Stonehouse farm and Dixon's Dairy were for many years synonymous although in latter years the loss of pastures to the ever encroaching housing developments turned what had been a dairy farm into a dairy selling pre-bottled milk. Even this came to an end brought by retirement and the ever-changing methods of milk production based on ever larger dairies. A letter reproduced below from Yvonne Dixon now Yvonne Hewett paints a picture of what life was like.

The Letter

STONEHOUSE FARM, WROXHAM ROAD, SPROWSTON, ------ J.J. DIXON AND SONS. All is familiar to me being part of my heritage as the house, farm and dairy become treasured family memories.

My grandfather Joseph J Dixon with his wife Edith, build up their dairy business possibly prior to the Great War. The dates are unclear. The herd had plenty of grazing land, named Dixons field now an area of housing development-Stonehouse Road and Blenheim Road.

Sprowston, at that time, with a small population meant sales and delivery is had to be aimed at the expanding Norwich. Door to door service known as "Dip a Can " this being a measuring can with a long handle to extract the milk from the container. The delivery vehicles were by handcart or horse drawn carriage.

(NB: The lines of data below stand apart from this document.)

(* Suppose $\sigma$ is an automorphism of $D$ and $a\in D$. Then $f(t)=t^4-a\in D[t;\sigma]$ is reducible if and only if there exist $c,d\in D$ with $$\sigma^2(c)\sigma(c)c+\sigma^2(d)c+\sigma^2(c)\sigma(d)=0\quad\text{and}\quad \sigma^2(d)d+\sigma^2(c)\sigma(c)d=a.$$
   Context: $D$ is an associative division ring, $\sigma$ a ring automorphism of $D$, and $D[t;\sigma]$ the skew polynomial ring with $ta=\sigma(a)t$. $f$ is reducible if it can be written $f=gh$ with $\deg g,\deg h<\deg f$. *)

theory Defs
  imports "HOL-Computational_Algebra.Polynomial"
begin

definition ring_automorphism :: "('a::division_ring \<Rightarrow> 'a) \<Rightarrow> bool" where
  "ring_automorphism \<sigma> \<longleftrightarrow> bij \<sigma> \<and> (\<forall>x y. \<sigma> (x + y) = \<sigma> x + \<sigma> y)
     \<and> (\<forall>x y. \<sigma> (x * y) = \<sigma> x * \<sigma> y) \<and> \<sigma> 1 = 1"

text \<open>Skew polynomials in D[t;sigma] are represented by their coefficient lists
  (type 'a poly, coefficient i is the coefficient of t^i, written on the left).
  Multiplication follows t b = sigma(b) t, i.e.
  (a t^i)(b t^j) = a sigma^i(b) t^(i+j).\<close>
definition skew_mult :: "('a::division_ring \<Rightarrow> 'a) \<Rightarrow> 'a poly \<Rightarrow> 'a poly \<Rightarrow> 'a poly" where
  "skew_mult \<sigma> p q =
     (\<Sum>i\<le>degree p. \<Sum>j\<le>degree q. monom (coeff p i * (\<sigma> ^^ i) (coeff q j)) (i + j))"

definition skew_reducible :: "('a::division_ring \<Rightarrow> 'a) \<Rightarrow> 'a poly \<Rightarrow> bool" where
  "skew_reducible \<sigma> f \<longleftrightarrow>
     (\<exists>g h. degree g < degree f \<and> degree h < degree f \<and> f = skew_mult \<sigma> g h)"

end

theory Submission
  imports Defs
begin

(* In D[t;sigma] the degree of a product is the sum of the degrees, so a proper factorisation
   g h of t^4 - a has degrees (1,3), (2,2) or (3,1).  Comparing coefficients in each case yields
   a monic quadratic right factor t^2 - c t - d: in case (2,2) it is h made monic, in case (3,1)
   a right factor t - b gives t^2 - sigma(b) b, and in case (1,3) the coefficients of h satisfy
   sigma(h_i) = k h_(i+1), which makes t^2 - h_2^-1 h_0 a right factor.  Conversely, if c and d
   satisfy the two equations of the theorem, then
   t^4 - a = (t^2 + sigma^2(c) t + sigma^2(d) + sigma^2(c) sigma(c)) (t^2 - c t - d). *)

lemma quartic_binomial_eq: "monom 1 4 - [:a:] = [:- a, 0, 0, 0, 1::'a::ring_1:]"
  by (auto intro!: poly_eqI simp: coeff_monom coeff_pCons split: nat.split)

lemma poly_eq_cubic:
  assumes "degree p \<le> 3"
  shows "p = [:coeff p 0, coeff p 1, coeff p 2, coeff p 3:]"
  using assms by (intro poly_eqI) (auto simp: coeff_pCons coeff_eq_0 numeral_eq_Suc split: nat.split)

locale skew_poly_ring =
  fixes \<sigma> :: "'a::division_ring \<Rightarrow> 'a"
  assumes ring_automorphism: "ring_automorphism \<sigma>"
begin

lemma aut_add: "\<sigma> (x + y) = \<sigma> x + \<sigma> y"
  and aut_mult: "\<sigma> (x * y) = \<sigma> x * \<sigma> y"
  and aut_one [simp]: "\<sigma> 1 = 1"
  and inj_aut: "inj \<sigma>"
  using ring_automorphism unfolding ring_automorphism_def bij_def by auto

lemma aut_zero [simp]: "\<sigma> 0 = 0"
  using aut_add[of 0 0] by simp

lemma aut_minus [simp]: "\<sigma> (- x) = - \<sigma> x"
  using aut_add[of x "- x"] by (simp add: add_eq_0_iff2)

lemma aut_eq_0_iff [simp]: "\<sigma> x = 0 \<longleftrightarrow> x = 0"
  using inj_aut aut_zero by (metis injD)

lemma aut_inverse [simp]: "\<sigma> (inverse x) = inverse (\<sigma> x)"
proof (cases "x = 0")
  case False
  then have "\<sigma> x * \<sigma> (inverse x) = 1"
    by (simp flip: aut_mult)
  then show ?thesis
    by (metis inverse_unique)
qed simp

lemma funpow_aut_eq_0_iff [simp]: "(\<sigma> ^^ n) x = 0 \<longleftrightarrow> x = 0"
  by (induction n) auto

lemma funpow_aut_zero [simp]: "(\<sigma> ^^ n) 0 = 0"
  by simp

lemma coeff_skew_mult:
  assumes "degree p \<le> m" "degree q \<le> n"
  shows "coeff (skew_mult \<sigma> p q) k =
    (\<Sum>i\<le>m. \<Sum>j\<le>n. if i + j = k then coeff p i * (\<sigma> ^^ i) (coeff q j) else 0)"
proof -
  have "skew_mult \<sigma> p q = (\<Sum>i\<le>m. \<Sum>j\<le>degree q. monom (coeff p i * (\<sigma> ^^ i) (coeff q j)) (i + j))"
    unfolding skew_mult_def
    by (rule sum.mono_neutral_left) (use assms in \<open>auto simp: coeff_eq_0\<close>)
  also have "\<dots> = (\<Sum>i\<le>m. \<Sum>j\<le>n. monom (coeff p i * (\<sigma> ^^ i) (coeff q j)) (i + j))"
    by (intro sum.cong refl sum.mono_neutral_left) (use assms in \<open>auto simp: coeff_eq_0\<close>)
  finally show ?thesis
    by (simp add: coeff_sum)
qed

lemma skew_mult_cubic:
  "skew_mult \<sigma> [:g0, g1, g2, g3:] [:h0, h1, h2, h3:] =
    [:g0 * h0,
      g0 * h1 + g1 * \<sigma> h0,
      g0 * h2 + g1 * \<sigma> h1 + g2 * \<sigma> (\<sigma> h0),
      g0 * h3 + g1 * \<sigma> h2 + g2 * \<sigma> (\<sigma> h1) + g3 * \<sigma> (\<sigma> (\<sigma> h0)),
      g1 * \<sigma> h3 + g2 * \<sigma> (\<sigma> h2) + g3 * \<sigma> (\<sigma> (\<sigma> h1)),
      g2 * \<sigma> (\<sigma> h3) + g3 * \<sigma> (\<sigma> (\<sigma> h2)),
      g3 * \<sigma> (\<sigma> (\<sigma> h3)):]"
proof (rule poly_eqI, goal_cases)
  case (1 k)
  have deg: "degree [:x0, x1, x2, x3:] \<le> 3" for x0 x1 x2 x3 :: 'a
    by (simp add: degree_pCons_le)
  consider "k = 0" | "k = 1" | "k = 2" | "k = 3" | "k = 4" | "k = 5" | "k = 6" | k' where "k = k' + 7"
    by atomize_elim presburger
  then show ?case
    by cases (simp_all add: coeff_skew_mult[OF deg deg] numeral_eq_Suc atMost_Suc algebra_simps)
qed

lemma coeff_skew_mult_degree_sum:
  "coeff (skew_mult \<sigma> p q) (degree p + degree q) = lead_coeff p * (\<sigma> ^^ degree p) (lead_coeff q)"
proof -
  let ?I = "{..degree p} \<times> {..degree q}"
  have "coeff (skew_mult \<sigma> p q) (degree p + degree q) =
      (\<Sum>(i, j)\<in>?I. if i + j = degree p + degree q then coeff p i * (\<sigma> ^^ i) (coeff q j) else 0)"
    by (simp add: coeff_skew_mult[OF order.refl order.refl] sum.cartesian_product)
  also have "\<dots> = (\<Sum>(i, j)\<in>{(degree p, degree q)}. coeff p i * (\<sigma> ^^ i) (coeff q j))"
    by (rule sum.mono_neutral_cong_right) (auto split: if_splits)
  finally show ?thesis by simp
qed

My parents, Stanley and Joy, gradually came into the business at the time of change. The 1930s saw the Dixon and grazing land begin to shrink at the expense of housing development, meant the herds would have to go, and to stay in the business by having to import milk for bottling. During the war and for a time after wards, my mother Joy took to deliveries driving the first of the J. J. Dixon vans - no driving test needed. A long serving member of the dairy was George Pipe who partly covered the area by handcart.

In the late 1940s J. J. Dixon had installed the latest pasteurising and sterilising equipment giving the dairy much acclaim throughout the county and duly recognised as the "Model Dairy".

I have memories as a young girl operating these units, also the bottle filling and capping with those cardboard inserts. Another of my duties that put me off milk for years after --- tasting milk samples.

Grandfather died in 1951 and soon after the units were dismantled, therefore closing down the bottling operation. Dixons now became a distributor of "ready bottled milk" and invested in larger vehicles and an electric operated handcart. The business had four large rounds penetrating Thorpe and Norwich, such was the demand for Dixon's milk. When father died in 1965 my mother Joy decided to take the business onwards. That she did for 15 years, then in 1980 she retired and the rounds were taken over by Dairy Crest.

Our old maps show the area as "Gurney of Walsingham" and Cozens Hardy Road shown as “Cattonham”. This Stonehouse was never rated as a listed building and despite the erection of new properties in the vicinity appears to add lustre to the old house.

By Yvonne Hewett nee Dixon (Feb. 2002).